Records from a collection
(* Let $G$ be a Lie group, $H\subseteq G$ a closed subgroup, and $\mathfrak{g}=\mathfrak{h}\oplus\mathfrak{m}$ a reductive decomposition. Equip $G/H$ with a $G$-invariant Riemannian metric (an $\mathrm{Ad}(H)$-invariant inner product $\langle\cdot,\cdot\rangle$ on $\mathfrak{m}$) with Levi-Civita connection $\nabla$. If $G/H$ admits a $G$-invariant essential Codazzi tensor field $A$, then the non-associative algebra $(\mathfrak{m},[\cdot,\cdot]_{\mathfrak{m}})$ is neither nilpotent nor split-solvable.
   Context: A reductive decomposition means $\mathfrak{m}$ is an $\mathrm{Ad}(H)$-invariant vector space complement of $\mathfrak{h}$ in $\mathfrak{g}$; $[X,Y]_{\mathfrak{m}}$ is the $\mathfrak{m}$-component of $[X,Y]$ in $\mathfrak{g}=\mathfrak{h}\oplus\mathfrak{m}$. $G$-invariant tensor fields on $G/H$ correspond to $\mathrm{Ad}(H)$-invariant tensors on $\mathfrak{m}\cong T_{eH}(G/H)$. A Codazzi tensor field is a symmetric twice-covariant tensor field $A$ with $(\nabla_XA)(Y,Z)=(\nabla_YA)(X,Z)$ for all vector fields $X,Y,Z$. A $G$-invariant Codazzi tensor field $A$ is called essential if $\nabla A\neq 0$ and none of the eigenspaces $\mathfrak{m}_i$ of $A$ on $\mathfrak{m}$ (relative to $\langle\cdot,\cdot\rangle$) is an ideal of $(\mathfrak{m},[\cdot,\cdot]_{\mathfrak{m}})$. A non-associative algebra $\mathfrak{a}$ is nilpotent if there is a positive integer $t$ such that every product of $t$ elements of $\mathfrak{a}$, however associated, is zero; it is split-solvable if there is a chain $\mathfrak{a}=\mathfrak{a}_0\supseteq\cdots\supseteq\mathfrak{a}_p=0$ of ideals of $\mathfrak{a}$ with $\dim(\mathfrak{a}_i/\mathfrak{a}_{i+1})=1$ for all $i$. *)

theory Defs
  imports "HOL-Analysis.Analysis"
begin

==

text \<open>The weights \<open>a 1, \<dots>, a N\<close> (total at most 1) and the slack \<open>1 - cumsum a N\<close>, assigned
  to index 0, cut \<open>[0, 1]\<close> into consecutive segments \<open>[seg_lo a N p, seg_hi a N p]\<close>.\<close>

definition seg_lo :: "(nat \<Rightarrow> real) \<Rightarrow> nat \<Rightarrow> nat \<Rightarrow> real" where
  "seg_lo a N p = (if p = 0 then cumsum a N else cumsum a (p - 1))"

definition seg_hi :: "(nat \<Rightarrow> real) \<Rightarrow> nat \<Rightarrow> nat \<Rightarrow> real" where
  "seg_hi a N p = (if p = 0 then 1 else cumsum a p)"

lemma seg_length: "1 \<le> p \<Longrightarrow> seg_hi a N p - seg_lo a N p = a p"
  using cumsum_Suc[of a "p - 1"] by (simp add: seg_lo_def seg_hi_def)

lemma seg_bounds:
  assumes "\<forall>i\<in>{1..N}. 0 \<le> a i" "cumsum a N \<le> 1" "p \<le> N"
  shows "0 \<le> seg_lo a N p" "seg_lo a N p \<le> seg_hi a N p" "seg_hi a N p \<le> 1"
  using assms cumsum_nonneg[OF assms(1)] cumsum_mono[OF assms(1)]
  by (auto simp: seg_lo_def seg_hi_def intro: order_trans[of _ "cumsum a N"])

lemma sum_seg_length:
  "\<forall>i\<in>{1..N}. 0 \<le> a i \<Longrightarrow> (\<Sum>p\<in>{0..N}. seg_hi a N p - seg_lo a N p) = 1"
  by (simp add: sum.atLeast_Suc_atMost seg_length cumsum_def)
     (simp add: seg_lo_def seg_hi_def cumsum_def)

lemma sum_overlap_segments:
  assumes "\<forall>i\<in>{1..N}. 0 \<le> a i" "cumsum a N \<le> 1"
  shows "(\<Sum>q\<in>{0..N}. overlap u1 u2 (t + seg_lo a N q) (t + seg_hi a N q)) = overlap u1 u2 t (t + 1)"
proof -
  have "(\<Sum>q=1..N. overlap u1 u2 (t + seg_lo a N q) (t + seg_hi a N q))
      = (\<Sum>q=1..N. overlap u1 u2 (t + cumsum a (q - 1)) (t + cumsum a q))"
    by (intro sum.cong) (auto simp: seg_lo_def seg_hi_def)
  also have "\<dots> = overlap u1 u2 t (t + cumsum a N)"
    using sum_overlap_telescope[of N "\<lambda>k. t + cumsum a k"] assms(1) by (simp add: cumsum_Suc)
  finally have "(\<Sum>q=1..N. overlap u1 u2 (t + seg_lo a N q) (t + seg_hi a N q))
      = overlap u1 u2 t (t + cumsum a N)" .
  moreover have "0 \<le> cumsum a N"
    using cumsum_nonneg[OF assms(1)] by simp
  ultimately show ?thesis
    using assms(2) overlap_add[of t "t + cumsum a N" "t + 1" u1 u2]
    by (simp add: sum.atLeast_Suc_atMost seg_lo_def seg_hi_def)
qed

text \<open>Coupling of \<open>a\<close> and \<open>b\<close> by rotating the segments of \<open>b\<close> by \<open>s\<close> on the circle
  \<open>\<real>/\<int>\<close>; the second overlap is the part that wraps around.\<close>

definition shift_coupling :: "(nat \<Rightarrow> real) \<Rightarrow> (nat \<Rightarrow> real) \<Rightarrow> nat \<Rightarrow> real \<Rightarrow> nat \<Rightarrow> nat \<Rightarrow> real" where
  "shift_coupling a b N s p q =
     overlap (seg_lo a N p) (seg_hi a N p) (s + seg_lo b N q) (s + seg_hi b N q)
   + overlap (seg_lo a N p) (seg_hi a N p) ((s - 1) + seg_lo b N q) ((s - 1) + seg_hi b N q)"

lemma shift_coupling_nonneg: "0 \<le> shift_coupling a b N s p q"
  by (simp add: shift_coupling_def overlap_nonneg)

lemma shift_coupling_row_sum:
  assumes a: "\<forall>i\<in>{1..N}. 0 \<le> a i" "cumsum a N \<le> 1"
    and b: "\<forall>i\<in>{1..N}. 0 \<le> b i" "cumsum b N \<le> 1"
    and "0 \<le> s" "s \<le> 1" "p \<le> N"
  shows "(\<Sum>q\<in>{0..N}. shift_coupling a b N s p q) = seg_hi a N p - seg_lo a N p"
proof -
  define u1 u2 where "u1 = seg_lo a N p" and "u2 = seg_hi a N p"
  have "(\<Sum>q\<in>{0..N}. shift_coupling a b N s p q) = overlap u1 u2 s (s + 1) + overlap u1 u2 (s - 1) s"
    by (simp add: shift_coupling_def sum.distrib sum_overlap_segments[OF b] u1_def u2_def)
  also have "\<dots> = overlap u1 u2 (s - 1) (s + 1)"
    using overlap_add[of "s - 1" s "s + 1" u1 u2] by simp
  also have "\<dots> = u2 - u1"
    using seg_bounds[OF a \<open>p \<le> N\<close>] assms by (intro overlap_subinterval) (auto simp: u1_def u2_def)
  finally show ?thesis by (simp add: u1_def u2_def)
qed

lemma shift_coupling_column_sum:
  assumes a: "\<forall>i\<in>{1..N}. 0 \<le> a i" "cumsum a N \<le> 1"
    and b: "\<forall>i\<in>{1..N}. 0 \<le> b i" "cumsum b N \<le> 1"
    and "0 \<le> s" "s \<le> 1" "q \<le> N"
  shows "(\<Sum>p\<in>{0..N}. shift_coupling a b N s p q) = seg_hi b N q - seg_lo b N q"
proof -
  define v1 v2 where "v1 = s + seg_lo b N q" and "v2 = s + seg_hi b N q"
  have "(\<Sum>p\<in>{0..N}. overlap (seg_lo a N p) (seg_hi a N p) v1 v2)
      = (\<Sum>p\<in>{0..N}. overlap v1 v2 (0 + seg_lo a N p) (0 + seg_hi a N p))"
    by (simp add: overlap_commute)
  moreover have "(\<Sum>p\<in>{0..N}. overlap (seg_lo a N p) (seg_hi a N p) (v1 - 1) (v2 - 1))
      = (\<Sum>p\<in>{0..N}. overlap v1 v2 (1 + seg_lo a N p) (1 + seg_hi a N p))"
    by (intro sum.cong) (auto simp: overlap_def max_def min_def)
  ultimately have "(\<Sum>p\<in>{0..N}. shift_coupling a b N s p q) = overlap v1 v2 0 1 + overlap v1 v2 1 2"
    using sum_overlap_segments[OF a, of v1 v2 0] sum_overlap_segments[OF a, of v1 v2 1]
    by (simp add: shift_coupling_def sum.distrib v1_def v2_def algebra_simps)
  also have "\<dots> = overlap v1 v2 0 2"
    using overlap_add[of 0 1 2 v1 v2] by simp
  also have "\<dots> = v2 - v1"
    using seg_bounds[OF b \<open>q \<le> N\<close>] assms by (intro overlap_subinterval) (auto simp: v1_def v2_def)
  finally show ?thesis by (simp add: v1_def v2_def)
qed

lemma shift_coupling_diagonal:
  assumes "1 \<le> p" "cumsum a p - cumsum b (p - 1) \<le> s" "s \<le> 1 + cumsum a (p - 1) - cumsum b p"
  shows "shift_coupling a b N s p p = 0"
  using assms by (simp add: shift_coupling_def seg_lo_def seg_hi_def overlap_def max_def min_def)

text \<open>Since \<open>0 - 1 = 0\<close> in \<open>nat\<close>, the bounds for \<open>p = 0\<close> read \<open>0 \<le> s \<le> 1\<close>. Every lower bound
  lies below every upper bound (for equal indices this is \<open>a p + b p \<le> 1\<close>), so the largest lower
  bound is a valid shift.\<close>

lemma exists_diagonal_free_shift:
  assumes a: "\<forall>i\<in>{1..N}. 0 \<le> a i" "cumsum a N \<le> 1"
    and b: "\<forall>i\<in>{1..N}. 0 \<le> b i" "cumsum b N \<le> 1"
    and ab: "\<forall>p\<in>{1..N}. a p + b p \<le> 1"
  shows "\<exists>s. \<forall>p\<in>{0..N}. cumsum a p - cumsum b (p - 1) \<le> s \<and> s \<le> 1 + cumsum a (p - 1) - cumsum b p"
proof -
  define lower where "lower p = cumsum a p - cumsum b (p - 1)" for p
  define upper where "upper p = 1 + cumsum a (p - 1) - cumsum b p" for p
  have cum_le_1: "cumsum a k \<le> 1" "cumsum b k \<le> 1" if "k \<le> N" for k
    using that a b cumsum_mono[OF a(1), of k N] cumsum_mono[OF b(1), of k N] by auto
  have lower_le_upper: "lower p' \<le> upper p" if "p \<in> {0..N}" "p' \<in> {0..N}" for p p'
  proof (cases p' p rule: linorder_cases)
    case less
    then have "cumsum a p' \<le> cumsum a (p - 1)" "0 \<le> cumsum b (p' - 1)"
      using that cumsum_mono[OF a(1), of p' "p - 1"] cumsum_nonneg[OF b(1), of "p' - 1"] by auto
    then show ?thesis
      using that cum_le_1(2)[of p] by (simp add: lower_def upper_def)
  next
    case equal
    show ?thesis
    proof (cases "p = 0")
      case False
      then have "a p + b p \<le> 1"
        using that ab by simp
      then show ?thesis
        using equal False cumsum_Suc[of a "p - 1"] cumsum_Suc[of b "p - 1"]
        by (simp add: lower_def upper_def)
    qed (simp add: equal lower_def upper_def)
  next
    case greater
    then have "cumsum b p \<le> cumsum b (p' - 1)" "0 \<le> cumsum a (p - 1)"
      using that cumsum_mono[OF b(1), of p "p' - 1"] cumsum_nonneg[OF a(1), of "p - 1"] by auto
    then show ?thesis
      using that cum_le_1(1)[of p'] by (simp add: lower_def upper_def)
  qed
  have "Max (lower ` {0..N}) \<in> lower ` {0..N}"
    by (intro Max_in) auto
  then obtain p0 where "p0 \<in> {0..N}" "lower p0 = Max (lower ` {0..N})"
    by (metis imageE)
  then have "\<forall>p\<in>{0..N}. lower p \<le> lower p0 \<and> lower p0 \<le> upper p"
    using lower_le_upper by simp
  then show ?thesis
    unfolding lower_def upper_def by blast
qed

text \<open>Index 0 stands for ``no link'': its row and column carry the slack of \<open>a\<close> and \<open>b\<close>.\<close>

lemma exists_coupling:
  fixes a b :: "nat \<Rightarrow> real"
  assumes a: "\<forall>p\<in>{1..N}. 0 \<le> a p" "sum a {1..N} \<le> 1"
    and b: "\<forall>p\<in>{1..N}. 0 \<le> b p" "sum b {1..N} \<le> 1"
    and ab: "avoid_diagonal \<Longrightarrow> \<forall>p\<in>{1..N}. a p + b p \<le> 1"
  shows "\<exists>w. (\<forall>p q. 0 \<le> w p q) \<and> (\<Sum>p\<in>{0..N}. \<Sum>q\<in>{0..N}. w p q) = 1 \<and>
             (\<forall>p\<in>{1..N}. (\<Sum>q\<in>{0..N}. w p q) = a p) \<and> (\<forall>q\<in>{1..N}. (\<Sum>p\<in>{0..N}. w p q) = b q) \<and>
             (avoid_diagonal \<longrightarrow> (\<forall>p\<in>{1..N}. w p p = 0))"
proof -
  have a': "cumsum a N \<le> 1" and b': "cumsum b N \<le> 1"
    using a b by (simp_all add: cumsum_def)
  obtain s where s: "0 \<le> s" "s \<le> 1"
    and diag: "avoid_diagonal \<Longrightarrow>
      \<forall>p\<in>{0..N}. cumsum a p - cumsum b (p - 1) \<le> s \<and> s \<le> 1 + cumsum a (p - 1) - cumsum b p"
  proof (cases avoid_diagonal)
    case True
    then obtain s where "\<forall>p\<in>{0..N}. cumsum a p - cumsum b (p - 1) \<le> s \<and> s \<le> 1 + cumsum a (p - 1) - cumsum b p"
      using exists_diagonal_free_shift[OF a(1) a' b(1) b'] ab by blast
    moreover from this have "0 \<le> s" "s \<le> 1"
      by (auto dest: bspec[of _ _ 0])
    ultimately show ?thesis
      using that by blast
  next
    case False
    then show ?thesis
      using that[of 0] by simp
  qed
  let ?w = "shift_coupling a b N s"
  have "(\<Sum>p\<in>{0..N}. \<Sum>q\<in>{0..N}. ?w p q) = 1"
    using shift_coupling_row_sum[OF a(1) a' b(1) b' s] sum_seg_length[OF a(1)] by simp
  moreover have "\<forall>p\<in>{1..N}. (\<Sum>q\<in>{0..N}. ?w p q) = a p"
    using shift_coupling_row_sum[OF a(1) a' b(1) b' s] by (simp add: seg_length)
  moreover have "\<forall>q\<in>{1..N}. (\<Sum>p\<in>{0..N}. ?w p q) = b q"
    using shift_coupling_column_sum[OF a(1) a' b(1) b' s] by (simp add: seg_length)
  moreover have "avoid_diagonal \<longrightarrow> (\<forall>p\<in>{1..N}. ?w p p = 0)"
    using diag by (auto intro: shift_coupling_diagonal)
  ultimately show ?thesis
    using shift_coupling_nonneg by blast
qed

» Exercise
The result should be every line that contains "real", copied from the entries.

» Task solution
definition seg_lo :: "(nat \<Rightarrow> real) \<Rightarrow> nat \<Rightarrow> nat \<Rightarrow> real" where
definition seg_hi :: "(nat \<Rightarrow> real) \<Rightarrow> nat \<Rightarrow> nat \<Rightarrow> real" where
  \<open>\<real>/\<int>\<close>; the second overlap is the part that wraps around.\<close>
definition shift_coupling :: "(nat \<Rightarrow> real) \<Rightarrow> (nat \<Rightarrow> real) \<Rightarrow> nat \<Rightarrow> real \<Rightarrow> nat \<Rightarrow> nat \<Rightarrow> real" where
  fixes a b :: "nat \<Rightarrow> real"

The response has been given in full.